The pure Python function `N_python` runs in around 720 ns, quicker than `ndtr_python` but slower than the jitted `ndtr_numba`.

In [93]:
%%timeit

N_python(n)

722 ns ± 5.31 ns per loop (mean ± std. dev. of 7 runs, 1000000 loops each)


Let's now import the jitted `N(.)` function which is identical to the above, but it also has the `njit` declaration at the top. We find it is even faster than our jitted `ndtr_numba` function at close to 150ns. 

In [94]:
from financepy.finutils.FinMath import *

In [95]:
%%timeit

N(n)

148 ns ± 0.929 ns per loop (mean ± std. dev. of 7 runs, 10000000 loops each)


## Final check

Just as a final check, let's see if all the outputs are similar! They are, to 8 decimal places. 

In [96]:
print(norm.cdf(n))
print(ndtr(n))
print(ndtr_python(n))
print(ndtr_numba(n))
print(N_python(n))
print(N(n))

0.6914624612740131
0.6914624612740131
0.691462461274013
0.6914624612740131
0.6914624677873249
0.6914624677873249


## Conclusion

We have seen that it is possible to speed up the CDF considerably, by using lower level calls in SciPy, and later translating the code into Python and then jitting it. We also compared the speed to FinancePy (both pure Python and jitted), which uses a different CDF algorithm.

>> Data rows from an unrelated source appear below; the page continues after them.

subsection \<open>Biderivations\<close>

text \<open>The Leibniz rule for \<open>t \<cdot> a\<close> together with \<open>\<epsilon> c = 0\<close> for constants: by Horner's
  scheme it determines \<open>\<epsilon>\<close> on \<open>A\<close> from \<open>\<epsilon> t\<close>.\<close>
definition bider_rec :: "'k poly \<Rightarrow> 'k poly \<Rightarrow> ('k poly \<Rightarrow> 'k poly) \<Rightarrow> bool" where
  "bider_rec \<phi> \<psi> \<epsilon> \<longleftrightarrow> \<epsilon> 0 = 0 \<and>
     (\<forall>c\<in>Fq q. \<forall>a\<in>Aring q. \<epsilon> (pCons c a) = \<psi> \<star> \<epsilon> a + \<epsilon> [:0, 1:] \<star> dm_eval q \<phi> a)"

lemma bider_rec_unique:
  assumes "bider_rec \<phi> \<psi> \<epsilon>" "bider_rec \<phi> \<psi> \<epsilon>'" "\<epsilon> [:0, 1:] = \<epsilon>' [:0, 1:]" "a \<in> Aring q"
  shows "\<epsilon> a = \<epsilon>' a"
  using assms(4)
proof (induction a rule: pCons_induct)
  case (pCons c a)
  then have "c \<in> Fq q" "a \<in> Aring q" by (auto simp: Aring_pCons_iff)
  with pCons assms(1-3) show ?case by (simp add: bider_rec_def)
qed (use assms(1,2) in \<open>simp add: bider_rec_def\<close>)

lemma biderivation_imp_bider_rec:
  assumes "biderivation q \<phi> \<psi> \<delta>"
  shows "bider_rec \<phi> \<psi> \<delta>"
proof -
  have add: "\<And>a b. a \<in> Aring q \<Longrightarrow> b \<in> Aring q \<Longrightarrow> \<delta> (a + b) = \<delta> a + \<delta> b"
    and smult: "\<And>c a. c \<in> Fq q \<Longrightarrow> a \<in> Aring q \<Longrightarrow> \<delta> (smult c a) = smult c (\<delta> a)"
    and leibniz: "\<And>a b. a \<in> Aring q \<Longrightarrow> b \<in> Aring q \<Longrightarrow>
        \<delta> (a * b) = dm_eval q \<psi> a \<star> \<delta> b + \<delta> a \<star> dm_eval q \<phi> b"
    using assms by (auto simp: biderivation_def)
  have "\<delta> 0 = \<delta> 0 + \<delta> 0" using add[of 0 0] by simp
  then have zero: "\<delta> 0 = 0" by (simp only: add_cancel_right_right)
  have "\<delta> 1 = \<delta> 1 + \<delta> 1" using leibniz[of 1 1] by simp
  then have one: "\<delta> 1 = 0" by (simp only: add_cancel_right_right)
  have "\<delta> (pCons c a) = \<psi> \<star> \<delta> a + \<delta> [:0, 1:] \<star> dm_eval q \<phi> a"
    if c: "c \<in> Fq q" and a: "a \<in> Aring q" for c a
  proof -
    have "pCons c a = smult c 1 + [:0, 1:] * a" by (simp add: one_pCons)
    then have "\<delta> (pCons c a) = \<delta> (smult c 1) + \<delta> ([:0, 1:] * a)"
      using c a by (simp only: add Aring_smult Aring_mult Aring_1 Aring_t)
    then show ?thesis
      using smult[OF c, of 1] leibniz[of "[:0, 1:]" a] a one by simp
  qed
  with zero show ?thesis by (simp add: bider_rec_def)
qed

lemma bider_rec_imp_biderivation:
  assumes rec: "bider_rec \<phi> \<psi> \<epsilon>"
    and add: "\<And>a b. a \<in> Aring q \<Longrightarrow> b \<in> Aring q \<Longrightarrow> \<epsilon> (a + b) = \<epsilon> a + \<epsilon> b"
    and smult: "\<And>c a. c \<in> Fq q \<Longrightarrow> a \<in> Aring q \<Longrightarrow> \<epsilon> (smult c a) = smult c (\<epsilon> a)"
  shows "biderivation q \<phi> \<psi> \<epsilon>"
  unfolding biderivation_def
proof (intro conjI ballI add smult)
  fix a b :: "'k poly" assume a: "a \<in> Aring q" and b: "b \<in> Aring q"
  from a show "\<epsilon> (a * b) = dm_eval q \<psi> a \<star> \<epsilon> b + \<epsilon> a \<star> dm_eval q \<phi> b"
  proof (induction a rule: pCons_induct)
    case (pCons c a)
    then have c: "c \<in> Fq q" and a: "a \<in> Aring q" by (auto simp: Aring_pCons_iff)
    have ab: "a * b \<in> Aring q" using a b by (simp add: Aring_mult)
    have "pCons c a * b = smult c b + pCons 0 (a * b)" by simp
    moreover have "smult c b \<in> Aring q" "pCons 0 (a * b) \<in> Aring q"
      using c b ab by (simp_all add: Aring_smult Aring_pCons_iff)
    ultimately have "\<epsilon> (pCons c a * b) = smult c (\<epsilon> b) + \<epsilon> (pCons 0 (a * b))"
      using add smult[OF c b] by simp
    also have "\<dots> = smult c (\<epsilon> b) + \<psi> \<star> \<epsilon> (a * b) + \<epsilon> [:0, 1:] \<star> dm_eval q \<phi> (a * b)"
      using rec ab by (simp add: bider_rec_def)
    also have "\<dots> = smult c (\<epsilon> b) + \<psi> \<star> (dm_eval q \<psi> a \<star> \<epsilon> b + \<epsilon> a \<star> dm_eval q \<phi> b)
        + \<epsilon> [:0, 1:] \<star> (dm_eval q \<phi> a \<star> dm_eval q \<phi> b)"
      using pCons.IH a b by (simp add: dm_eval_mult)
    also have "\<dots> = ([:c:] + \<psi> \<star> dm_eval q \<psi> a) \<star> \<epsilon> b
        + (\<psi> \<star> \<epsilon> a + \<epsilon> [:0, 1:] \<star> dm_eval q \<phi> a) \<star> dm_eval q \<phi> b"
      by (simp add: tmul_add_left tmul_add_right tmul_const_left tmul_assoc algebra_simps)
    also have "\<dots> = dm_eval q \<psi> (pCons c a) \<star> \<epsilon> b + \<epsilon> (pCons c a) \<star> dm_eval q \<phi> b"
      using rec a c by (simp add: bider_rec_def dm_eval_pCons)
    finally show ?case .
  qed (use rec in \<open>simp add: bider_rec_def\<close>)
qed

lemma bider_rec_inner: "bider_rec \<phi> \<psi> (\<lambda>a. U \<star> dm_eval q \<phi> a - dm_eval q \<psi> a \<star> U)"
  unfolding bider_rec_def
proof (intro conjI ballI)
  fix c :: 'k and a :: "'k poly" assume c: "c \<in> Fq q" and a: "a \<in> Aring q"
  have "U \<star> [:c:] = smult c U"
    using tmul_smult_right[OF c, of U 1] by simp
  with a show "U \<star> dm_eval q \<phi> (pCons c a) - dm_eval q \<psi> (pCons c a) \<star> U
      = \<psi> \<star> (U \<star> dm_eval q \<phi> a - dm_eval q \<psi> a \<star> U)
        + (U \<star> dm_eval q \<phi> [:0, 1:] - dm_eval q \<psi> [:0, 1:] \<star> U) \<star> dm_eval q \<phi> a"
    by (simp add: dm_eval_pCons tmul_add_left tmul_add_right tmul_diff_left tmul_diff_right
        tmul_const_left tmul_assoc)
qed (simp add: dm_eval_eq_lin_ext)

lemma bider_rec_diff:
  "bider_rec \<phi> \<psi> \<epsilon> \<Longrightarrow> bider_rec \<phi> \<psi> \<epsilon>' \<Longrightarrow> bider_rec \<phi> \<psi> (\<lambda>a. \<epsilon> a - \<epsilon>' a)"
  unfolding bider_rec_def by (auto simp: tmul_diff_left tmul_diff_right)

lemma bider_rec_tmul_left: "bider_rec \<phi> \<psi> \<epsilon> \<Longrightarrow> bider_rec \<phi> \<psi> (\<lambda>a. \<psi> \<star> \<epsilon> a)"
  unfolding bider_rec_def by (auto simp: tmul_add_right tmul_assoc)

fun bider_on_powers :: "'k poly \<Rightarrow> 'k poly \<Rightarrow> 'k poly \<Rightarrow> nat \<Rightarrow> 'k poly" where
  "bider_on_powers \<phi> \<psi> D 0 = 0"
| "bider_on_powers \<phi> \<psi> D (Suc i) = \<psi> \<star> bider_on_powers \<phi> \<psi> D i + D \<star> tpow q \<phi> i"

lemma biderivation_exists:
  fixes \<phi> \<psi> D :: "'k poly"
  shows "\<exists>\<delta>. biderivation q \<phi> \<psi> \<delta> \<and> \<delta> [:0, 1:] = D"
proof (intro exI conjI)
  let ?\<delta> = "lin_ext (bider_on_powers \<phi> \<psi> D)"
  show t: "?\<delta> [:0, 1:] = D" by simp
  show "biderivation q \<phi> \<psi> ?\<delta>"
  proof (rule bider_rec_imp_biderivation)
    show "bider_rec \<phi> \<psi> ?\<delta>"
      unfolding bider_rec_def t
      by (simp add: lin_ext_pCons lin_ext_add_fun lin_ext_tmul_right dm_eval_eq_lin_ext)
  qed (simp_all add: lin_ext_add lin_ext_smult)
qed

definition inner_values :: "'k poly \<Rightarrow> 'k poly \<Rightarrow> 'k poly set" where
  "inner_values \<phi> \<psi> = range (\<lambda>U. U \<star> \<phi> - \<psi> \<star> U)"

lemma inner_values_inner [simp]: "U \<star> \<phi> - \<psi> \<star> U \<in> inner_values \<phi> \<psi>"
  by (simp add: inner_values_def)

lemma inner_values_zero [simp]: "0 \<in> inner_values \<phi> \<psi>"
  using inner_values_inner[of 0] by simp

lemma inner_values_add:
  assumes "D \<in> inner_values \<phi> \<psi>" "D' \<in> inner_values \<phi> \<psi>"
  shows "D + D' \<in> inner_values \<phi> \<psi>"
proof -
  obtain U U' where "D = U \<star> \<phi> - \<psi> \<star> U" "D' = U' \<star> \<phi> - \<psi> \<star> U'"
    using assms by (auto simp: inner_values_def)
  then have "D + D' = (U + U') \<star> \<phi> - \<psi> \<star> (U + U')"
    by (simp add: tmul_add_left tmul_add_right)
  then show ?thesis by (simp add: inner_values_def)
qed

Here are some generalized steps that I would recommend to use when you find a bottleneck in your Python based numerical code:

* Try to use a lower level function to access the same calculation
* Translate the lower level function (if it's in C) to Python
* More broadly if we want to jit the code, we:
    * may use NumPy functions (but can't use Pandas for example)
    * need to avoid more complicated Python structures/calls (so can use `njit` flag)
* Once you are happy with your "simplified" Python code, we then need to jit it
* Apply Numba decorator to jit the code
    * with types if necessary
    * add any additional flags
* It is easier to debug non-jitted code, so you might need to add/remove the Numba decorator when debugging

Should you try to jit all code? Probably not, because it can take time to rewrite (depending on how complicated you code is, and how much abstraction there is in your code). In many cases, it won't be necessary to jit your code, but where a particular part of code is a bottleneck, it might be worth spending the time to do rewrite it in Numba/jit it.

Is this stuff *easy*, no not really, but once you get experience in doing this sort of thing, you can know what to look for when speeding up your Python code.